McAfee first explains why past knowledge management “solutions” rarely solved anything. He then explains what makes Web 2.0 technologies different. “The good news,” he writes, is that the new technologies “focus not on capturing knowledge itself, but rather on the practices and output of knowledge workers.” By providing both a platform for collaboration and a means of recording the details of the collaboration, the technologies create a public record of previously private knowledge-sharing conversations, a record that’s permanent and easily searched. Knowledge is captured, in other words, as it’s created, without requiring any additional work. As people search and use that knowledge, moreover, they refine it – through commenting, linking, syndicating and tagging, for instance – which makes it even more valuable.

“This suggests an intriguing possbility,” writes McAfee:

It has historically been the case that as organizations grow it becomes more and more difficult for people within them to find a particular information resource – a person, a fact, a piece of knowledge or expertise. Enterprise 2.0 technologies, however, can be a force in the opposite direction. They can make large organizations in some ways more searchable, analyzable and navigable than smaller ones, and make it easier for people to find precisely what they’re looking for. The new technologies certainly don’t overcome all the dysfunctions of corporate scale, but they might be able to address some of them.

McAfee makes a strong case for why Web 2.0 technologies may succeed where earlier technologies didn’t. The new technologies have other practical advantages as well: they’re cheap, fairly simple to set up, and fairly straightforward to use. Companies can test them without much expense or pain.

Still, though, skepticism is in order. McAfee provides just one case study of a company gaining real benefits from Web 2.0 – that of the investment bank Dresdner Kleinwort Wasserstein – and even that one seems provisional. There are, to be sure, other examples of apparently successful uses of Web 2.0 technologies for knowledge management, but all previously hyped knowledge management technologies also came wrapped in anecdotes of enthusiastic earlier adopters. In the excitement of the rollout of such technologies, it’s easy to document initial “successes” – there’s always at least a small group of technologically-inclined employees who will gravitate to a seemingly cool new platform. The real test comes later, when the personal costs and benefits of using the system become apparent to a broad set of employees.

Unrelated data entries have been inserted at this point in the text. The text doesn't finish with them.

(* There exists a constant $c>0$ such that for every $n$ that is a perfect square there is a set $P$ of $n$ points in the plane such that every Hamiltonian path $\Pi$ of $P$ satisfies $W(\Pi)\ge c\sqrt{n}\cdot W(K_P)$, where $K_P$ is the complete Euclidean graph on $P$. That is, the Wiener index of any Hamiltonian path of $P$ is at least $\Theta(\sqrt{n})$ times the Wiener index of the complete Euclidean graph over $P$.
   Context: For a connected graph $G$ on vertex set $P$ whose edges $(p,q)$ have weight equal to the Euclidean distance $|pq|$, $\delta_G(p,q)$ denotes the weight of a shortest path between $p$ and $q$ in $G$, and the Wiener index is $W(G)=\sum_{\{p,q\}\subseteq P}\delta_G(p,q)$. The complete Euclidean graph $K_P$ has all edges between points of $P$, so $W(K_P)=\sum_{\{p,q\}\subseteq P}|pq|$. A Hamiltonian path of $P$ is a path with straight-line edges visiting every point of $P$ exactly once. *)

theory Defs
  imports "HOL-Analysis.Analysis"
begin

type_synonym point = "real^2"

text \<open>A geometric graph on a point set is given by its (undirected) edge set E,
  a set of pairs of points; an edge (p,q) has weight dist p q.\<close>

definition is_walk :: "(point \<times> point) set \<Rightarrow> point \<Rightarrow> point \<Rightarrow> point list \<Rightarrow> bool" where
  "is_walk E p q ws \<longleftrightarrow> ws \<noteq> [] \<and> hd ws = p \<and> last ws = q \<and>
     (\<forall>i < length ws - 1. (ws ! i, ws ! Suc i) \<in> E \<or> (ws ! Suc i, ws ! i) \<in> E)"

definition walk_weight :: "point list \<Rightarrow> real" where
  "walk_weight ws = (\<Sum>i < length ws - 1. dist (ws ! i) (ws ! Suc i))"

definition sp_dist :: "(point \<times> point) set \<Rightarrow> point \<Rightarrow> point \<Rightarrow> real" where
  "sp_dist E p q = Inf (walk_weight ` {ws. is_walk E p q ws})"

text \<open>Wiener index: sum over unordered pairs {p,q} of distinct vertices
  (each unordered pair counted once: ordered pairs halved; diagonal terms are 0).\<close>
definition wiener :: "point set \<Rightarrow> (point \<times> point) set \<Rightarrow> real" where
  "wiener V E = (\<Sum>p\<in>V. \<Sum>q\<in>V - {p}. sp_dist E p q) / 2"

definition complete_edges :: "point set \<Rightarrow> (point \<times> point) set" where
  "complete_edges P = {(p, q). p \<in> P \<and> q \<in> P \<and> p \<noteq> q}"

definition path_edges :: "point list \<Rightarrow> (point \<times> point) set" where
  "path_edges ps = {(ps ! i, ps ! Suc i) | i. Suc i < length ps}"

definition hamiltonian_path :: "point set \<Rightarrow> point list \<Rightarrow> bool" where
  "hamiltonian_path P ps \<longleftrightarrow> distinct ps \<and> set ps = P"

end

theory Submission
  imports Defs
begin

text \<open>Take the \<open>k \<times> k\<close> integer grid, \<open>n = k\<^sup>2\<close>. Distinct grid points are at distance
  at least 1, so the position of a vertex along a Hamiltonian path, which changes by 1 across
  each path edge, is 1-Lipschitz along edges; hence the path distance between the \<open>i\<close>-th
  and \<open>j\<close>-th vertex is at least \<open>\<bar>i - j\<bar>\<close>, and summing gives \<open>W(\<Pi>) \<ge> (n\<^sup>3 - n)/6\<close>.
  In \<open>K\<^sub>P\<close> shortest paths are straight segments of length at most \<open>2k = 2\<surd>n\<close>, so
  \<open>W(K\<^sub>P) \<le> n(n - 1)\<surd>n\<close>, and \<open>c = 1/6\<close> works.\<close>

lemma walk_weight_nonneg: "0 \<le> walk_weight ws"
  unfolding walk_weight_def by (simp add: sum_nonneg)

lemma sp_dist_le_walk_weight:
  assumes "is_walk E p q ws"
  shows "sp_dist E p q \<le> walk_weight ws"
  unfolding sp_dist_def
proof (rule cInf_lower)
  show "walk_weight ws \<in> walk_weight ` {ws. is_walk E p q ws}"
    using assms by blast
  show "bdd_below (walk_weight ` {ws. is_walk E p q ws})"
    by (rule bdd_belowI[where m = 0]) (auto simp: walk_weight_nonneg)
qed

lemma abs_diff_le_walk_weight:
  assumes lip: "\<And>a b. (a, b) \<in> E \<Longrightarrow> \<bar>\<phi> a - \<phi> b\<bar> \<le> dist a b"
    and walk: "is_walk E p q ws"
  shows "\<bar>\<phi> p - \<phi> q\<bar> \<le> walk_weight ws"
proof -
  let ?m = "length ws - 1"
  have p: "p = ws ! 0" and q: "q = ws ! ?m"
    and step: "\<And>i. i < ?m \<Longrightarrow> (ws ! i, ws ! Suc i) \<in> E \<or> (ws ! Suc i, ws ! i) \<in> E"
    using walk unfolding is_walk_def by (auto simp: hd_conv_nth last_conv_nth)
  have "\<phi> p - \<phi> q = (\<Sum>i<?m. \<phi> (ws ! i) - \<phi> (ws ! Suc i))"
    using sum_lessThan_telescope'[of "\<lambda>i. \<phi> (ws ! i)" ?m] p q by simp
  then have "\<bar>\<phi> p - \<phi> q\<bar> \<le> (\<Sum>i<?m. \<bar>\<phi> (ws ! i) - \<phi> (ws ! Suc i)\<bar>)"
    by (metis sum_abs)
  also have "\<dots> \<le> (\<Sum>i<?m. dist (ws ! i) (ws ! Suc i))"
    using step lip by (intro sum_mono) (force simp: abs_minus_commute dist_commute)
  finally show ?thesis
    unfolding walk_weight_def .
qed

text \<open>The walk hypothesis matters: without any walk, \<^const>\<open>sp_dist\<close> is the unspecified
  \<open>Inf {}\<close>.\<close>

lemma abs_diff_le_sp_dist:
  assumes "\<And>a b. (a, b) \<in> E \<Longrightarrow> \<bar>\<phi> a - \<phi> b\<bar> \<le> dist a b"
    and "is_walk E p q ws"
  shows "\<bar>\<phi> p - \<phi> q\<bar> \<le> sp_dist E p q"
  unfolding sp_dist_def
  using assms abs_diff_le_walk_weight[OF assms(1)] by (intro cInf_greatest) auto

lemma sp_dist_complete_edges:
  assumes "p \<in> P" "q \<in> P" "p \<noteq> q"
  shows "sp_dist (complete_edges P) p q = dist p q"
proof (rule antisym)
  have walk: "is_walk (complete_edges P) p q [p, q]"
    using assms unfolding is_walk_def complete_edges_def by auto
  then show "sp_dist (complete_edges P) p q \<le> dist p q"
    using sp_dist_le_walk_weight by (fastforce simp: walk_weight_def)
  have "\<bar>dist p p - dist p q\<bar> \<le> sp_dist (complete_edges P) p q"
    by (rule abs_diff_le_sp_dist[OF _ walk]) (metis abs_dist_diff_le dist_commute)
  then show "dist p q \<le> sp_dist (complete_edges P) p q"
    by simp
qed

lemma is_walk_rev:
  assumes "is_walk E p q ws"
  shows "is_walk E q p (rev ws)"
proof -
  have step: "\<forall>i < length ws - 1. (ws ! i, ws ! Suc i) \<in> E \<or> (ws ! Suc i, ws ! i) \<in> E"
    using assms unfolding is_walk_def by blast
  have "(rev ws ! i, rev ws ! Suc i) \<in> E \<or> (rev ws ! Suc i, rev ws ! i) \<in> E"
    if i: "i < length ws - 1" for i
  proof -
    define j where "j = length ws - 2 - i"
    have "rev ws ! i = ws ! Suc j" "rev ws ! Suc i = ws ! j" "j < length ws - 1"
      using i by (simp_all add: rev_nth j_def Suc_diff_Suc numeral_2_eq_2)
    then show ?thesis
      using step by auto
  qed
  then show ?thesis
    using assms unfolding is_walk_def by (simp add: hd_rev last_rev)
qed

lemma is_walk_path_edges_upt:
  assumes "i \<le> j" "j < length ps"
  shows "is_walk (path_edges ps) (ps ! i) (ps ! j) (map ((!) ps) [i..<Suc j])"
  using assms unfolding is_walk_def path_edges_def
  by (auto simp: hd_map last_map nth_append simp del: upt_Suc)

lemma ex_is_walk_path_edges:
  assumes "i < length ps" "j < length ps"
  shows "\<exists>ws. is_walk (path_edges ps) (ps ! i) (ps ! j) ws"
  using assms is_walk_path_edges_upt[of i j ps] is_walk_path_edges_upt[of j i ps] is_walk_rev
  by (cases "i \<le> j") fastforce+

definition position :: "'a list \<Rightarrow> 'a \<Rightarrow> nat" where
  "position ps = the_inv_into {..<length ps} ((!) ps)"

lemma position_nth:
  assumes "distinct ps" "i < length ps"
  shows "position ps (ps ! i) = i"
  using assms unfolding position_def by (simp add: the_inv_into_f_f inj_on_nth)

lemma abs_position_diff_le_sp_dist:
  assumes "distinct ps"
    and sep: "\<And>x y. x \<in> set ps \<Longrightarrow> y \<in> set ps \<Longrightarrow> x \<noteq> y \<Longrightarrow> 1 \<le> dist x y"
    and "p \<in> set ps" "q \<in> set ps"
  shows "\<bar>real (position ps p) - real (position ps q)\<bar> \<le> sp_dist (path_edges ps) p q"
proof -
  obtain i j where "i < length ps" "j < length ps" "p = ps ! i" "q = ps ! j"
    using assms(3,4) by (auto simp: in_set_conv_nth)
  then obtain ws where walk: "is_walk (path_edges ps) p q ws"
    using ex_is_walk_path_edges by blast
  have "\<bar>real (position ps a) - real (position ps b)\<bar> \<le> dist a b"
    if edge: "(a, b) \<in> path_edges ps" for a b
  proof -
    obtain t where t: "Suc t < length ps" "a = ps ! t" "b = ps ! Suc t"
      using edge unfolding path_edges_def by blast
    then have "a \<noteq> b"
      using \<open>distinct ps\<close> by (simp add: nth_eq_iff_index_eq)
    then show ?thesis
      using t sep \<open>distinct ps\<close> by (simp add: position_nth)
  qed
  then show ?thesis
    using walk by (rule abs_diff_le_sp_dist)
qed

lemma sum_abs_diff_lessThan_row:
  "(\<Sum>j<n. \<bar>real n - real j\<bar>) = real n * (real n + 1) / 2"
proof -
  have "(\<Sum>j<n. \<bar>real n - real j\<bar>) = (\<Sum>j<n. real n - real j)"
    by (rule sum.cong) auto
  also have "\<dots> = real n * real n - (\<Sum>j<n. real j)"
    by (simp add: sum_subtractf)
  also have "(\<Sum>j<n. real j) = real n * (real n - 1) / 2"
    by (induction n) (auto simp: field_simps)
  finally show ?thesis
    by (simp add: field_simps)
qed

lemma sum_abs_diff_lessThan:
  "(\<Sum>i<n. \<Sum>j<n. \<bar>real i - real j\<bar>) = (real n ^ 3 - real n) / 3"
proof (induction n)
  case (Suc n)
  have "(\<Sum>i<Suc n. \<Sum>j<Suc n. \<bar>real i - real j\<bar>)
      = (\<Sum>i<n. \<Sum>j<n. \<bar>real i - real j\<bar>) + 2 * (\<Sum>j<n. \<bar>real n - real j\<bar>)"
    by (simp add: sum.distrib abs_minus_commute)
  then show ?case
    using Suc sum_abs_diff_lessThan_row[of n] by (simp add: field_simps power3_eq_cube)
qed simp

lemma wiener_path_edges_ge:
  assumes ham: "hamiltonian_path P ps"
    and sep: "\<And>x y. x \<in> P \<Longrightarrow> y \<in> P \<Longrightarrow> x \<noteq> y \<Longrightarrow> 1 \<le> dist x y"
  shows "(real (card P) ^ 3 - real (card P)) / 6 \<le> wiener P (path_edges ps)"
proof -
  let ?n = "length ps"
  let ?pos = "\<lambda>x. real (position ps x)"
  have dist: "distinct ps" and P: "P = set ps"
    using ham unfolding hamiltonian_path_def by auto
  have n: "card P = ?n"
    using P dist by (simp add: distinct_card)
  have P_nth: "P = (!) ps ` {..<?n}" and inj: "inj_on ((!) ps) {..<?n}"
    using P dist by (auto simp: inj_on_nth lessThan_atLeast0 nth_image)
  have "(real ?n ^ 3 - real ?n) / 3 = (\<Sum>i<?n. \<Sum>j<?n. \<bar>real i - real j\<bar>)"
    by (rule sum_abs_diff_lessThan[symmetric])
  also have "\<dots> = (\<Sum>p\<in>P. \<Sum>q\<in>P. \<bar>?pos p - ?pos q\<bar>)"
    unfolding P_nth by (simp add: sum.reindex[OF inj] position_nth[OF dist])
  also have "\<dots> = (\<Sum>p\<in>P. \<Sum>q\<in>P - {p}. \<bar>?pos p - ?pos q\<bar>)"
    by (simp add: P sum_diff1)
  also have "\<dots> \<le> (\<Sum>p\<in>P. \<Sum>q\<in>P - {p}. sp_dist (path_edges ps) p q)"
    using abs_position_diff_le_sp_dist[OF dist] sep P by (intro sum_mono) auto
  finally show ?thesis
    unfolding wiener_def n by simp
qed

lemma wiener_complete_edges_le:
  assumes "finite P" and diam: "\<And>p q. p \<in> P \<Longrightarrow> q \<in> P \<Longrightarrow> dist p q \<le> D"
  shows "wiener P (complete_edges P) \<le> real (card P) * (real (card P) - 1) / 2 * D"
proof -
  have row: "(\<Sum>q\<in>P - {p}. sp_dist (complete_edges P) p q) \<le> (real (card P) - 1) * D"
    if "p \<in> P" for p
  proof -
    have "(\<Sum>q\<in>P - {p}. sp_dist (complete_edges P) p q) \<le> real (card (P - {p})) * D"
      using that diam by (intro sum_bounded_above) (auto simp: sp_dist_complete_edges)
    also have "real (card (P - {p})) = real (card P) - 1"
      using that \<open>finite P\<close> card_gt_0_iff[of P] by (auto simp: Suc_le_eq)
    finally show ?thesis .
  qed
  have "(\<Sum>p\<in>P. \<Sum>q\<in>P - {p}. sp_dist (complete_edges P) p q)
      \<le> real (card P) * ((real (card P) - 1) * D)"
    using sum_mono[of P _ "\<lambda>_. (real (card P) - 1) * D"] row by simp
  then show ?thesis
    unfolding wiener_def by simp
qed

definition grid :: "nat \<Rightarrow> point set" where
  "grid k = (\<lambda>(a, b). vector [real a, real b]) ` ({..<k} \<times> {..<k})"

lemma finite_grid: "finite (grid k)"
  unfolding grid_def by simp

lemma card_grid: "card (grid k) = k\<^sup>2"
proof -
  have "inj_on (\<lambda>(a, b). vector [real a, real b] :: point) ({..<k} \<times> {..<k})"
  proof (rule inj_onI, clarsimp)
    fix a b a' b' :: nat
    assume "(vector [real a, real b] :: point) = vector [real a', real b']"
    then have "(vector [real a, real b] :: point) $ 1 = (vector [real a', real b'] :: point) $ 1"
      "(vector [real a, real b] :: point) $ 2 = (vector [real a', real b'] :: point) $ 2"
      by simp_all
    then show "a = a' \<and> b = b'"
      by simp
  qed
  then show ?thesis
    unfolding grid_def by (simp add: card_image power2_eq_square)
qed

lemma grid_dist_ge_1:
  assumes "x \<in> grid k" "y \<in> grid k" "x \<noteq> y"
  shows "1 \<le> dist x y"
proof -
  obtain a b a' b' :: nat
    where x: "x = vector [real a, real b]" and y: "y = vector [real a', real b']"
    using assms unfolding grid_def by auto
  have "\<bar>(x - y) $ 1\<bar> \<le> dist x y" "\<bar>(x - y) $ 2\<bar> \<le> dist x y"
    unfolding dist_norm by (rule component_le_norm_cart)+
  moreover have "a \<noteq> a' \<or> b \<noteq> b'"
    using assms x y by auto
  ultimately show ?thesis
    using x y by auto
qed

lemma grid_dist_le:
  assumes "x \<in> grid k" "y \<in> grid k"
  shows "dist x y \<le> 2 * real k"
proof -
  obtain a b a' b' :: nat
    where x: "x = vector [real a, real b]" and y: "y = vector [real a', real b']"
      and "a < k" "b < k" "a' < k" "b' < k"
    using assms unfolding grid_def by auto
  have "dist x y \<le> \<bar>(x - y) $ 1\<bar> + \<bar>(x - y) $ 2\<bar>"
    using norm_le_l1_cart[of "x - y"] by (simp add: dist_norm sum_2)
  also have "\<dots> \<le> 2 * real k"
    using x y \<open>a < k\<close> \<open>b < k\<close> \<open>a' < k\<close> \<open>b' < k\<close> by simp
  finally show ?thesis .
qed

lemma wiener_grid_path_edges_ge:
  assumes ham: "hamiltonian_path (grid k) ps"
  shows "real k / 6 * wiener (grid k) (complete_edges (grid k)) \<le> wiener (grid k) (path_edges ps)"
proof -
  let ?m = "real (k\<^sup>2)"
  have "wiener (grid k) (complete_edges (grid k)) \<le> ?m * (?m - 1) / 2 * (2 * real k)"
    using wiener_complete_edges_le[OF finite_grid grid_dist_le] by (simp add: card_grid)
  then have "real k / 6 * wiener (grid k) (complete_edges (grid k))
      \<le> real k / 6 * (?m * (?m - 1) / 2 * (2 * real k))"
    by (intro mult_left_mono) auto
  also have "\<dots> = ?m * ?m * (?m - 1) / 6"
    by (simp add: power2_eq_square)
  also have "\<dots> \<le> (?m ^ 3 - ?m) / 6"
    using le_square[of "k\<^sup>2", folded of_nat_le_iff[where 'a = real]]
    by (intro divide_right_mono) (simp_all add: power3_eq_cube algebra_simps)
  also have "\<dots> \<le> wiener (grid k) (path_edges ps)"
    using wiener_path_edges_ge[OF ham grid_dist_ge_1] by (simp add: card_grid)
  finally show ?thesis .
qed

theorem theorem6:
  "\<exists>c::real. c > 0 \<and>
     (\<forall>n::nat. (\<exists>k::nat. n = k\<^sup>2) \<longrightarrow>
        (\<exists>P :: point set. finite P \<and> card P = n \<and>
           (\<forall>ps. hamiltonian_path P ps \<longrightarrow>
              wiener P (path_edges ps) \<ge> c * sqrt (real n) * wiener P (complete_edges P))))"
proof (intro exI[of _ "1 / 6"] conjI allI impI)
  fix n :: nat
  assume "\<exists>k. n = k\<^sup>2"
  then obtain k where n: "n = k\<^sup>2"
    by blast
  then have "sqrt (real n) = real k"
    by simp
  then show "\<exists>P. finite P \<and> card P = n \<and> (\<forall>ps. hamiltonian_path P ps \<longrightarrow>
      1 / 6 * sqrt (real n) * wiener P (complete_edges P) \<le> wiener P (path_edges ps))"
    using finite_grid card_grid wiener_grid_path_edges_ge n by (intro exI[of _ "grid k"]) auto
qed simp

end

McAfee sounds a note of caution along these lines. He notes the possibility that “busy knowledge workers won’t use the new technologies, despite training and prodding,” and points to the fact that “most people who use the Internet today aren’t bloggers, wikipedians or taggers. They don’t help produce the platform – they just use it.” There’s the rub. Managers, professionals and other employees don’t have much spare time, and the ones who have the most valuable business knowledge have the least spare time of all. (They’re the ones already inundated with emails, instant messages, phone calls, and meeting requests.) Will they turn into avid bloggers and taggers and wiki-writers? It’s not impossible, but it’s a long way from a sure bet.

UPDATE: On his blog, McAfee adds some further thoughts, in response to the above.

13 thoughts on “Is Web 2.0 enterprise-ready?

  1. Seth Finkelstein

    Wiki’s are, not, intrinsically, frivolous things. They are clearly adapted from a technology used in programming to manage multiple contributions to a product. This is useful. I can see a niche where the particular combination of trade-off is productive as an internal corporate documentation-management system, versus other such systems.

    But it’s not magic.

  2. JeffB

    You can’t run a library without librarians. For automated knowledge management to work you would need something like:

    Everything is catalogued automatically. Shared files are in the catalogue repository and searchable unless explicitly marked “private”, emails automatically get added to the searchable database unless the “do not share” flag is flipped. …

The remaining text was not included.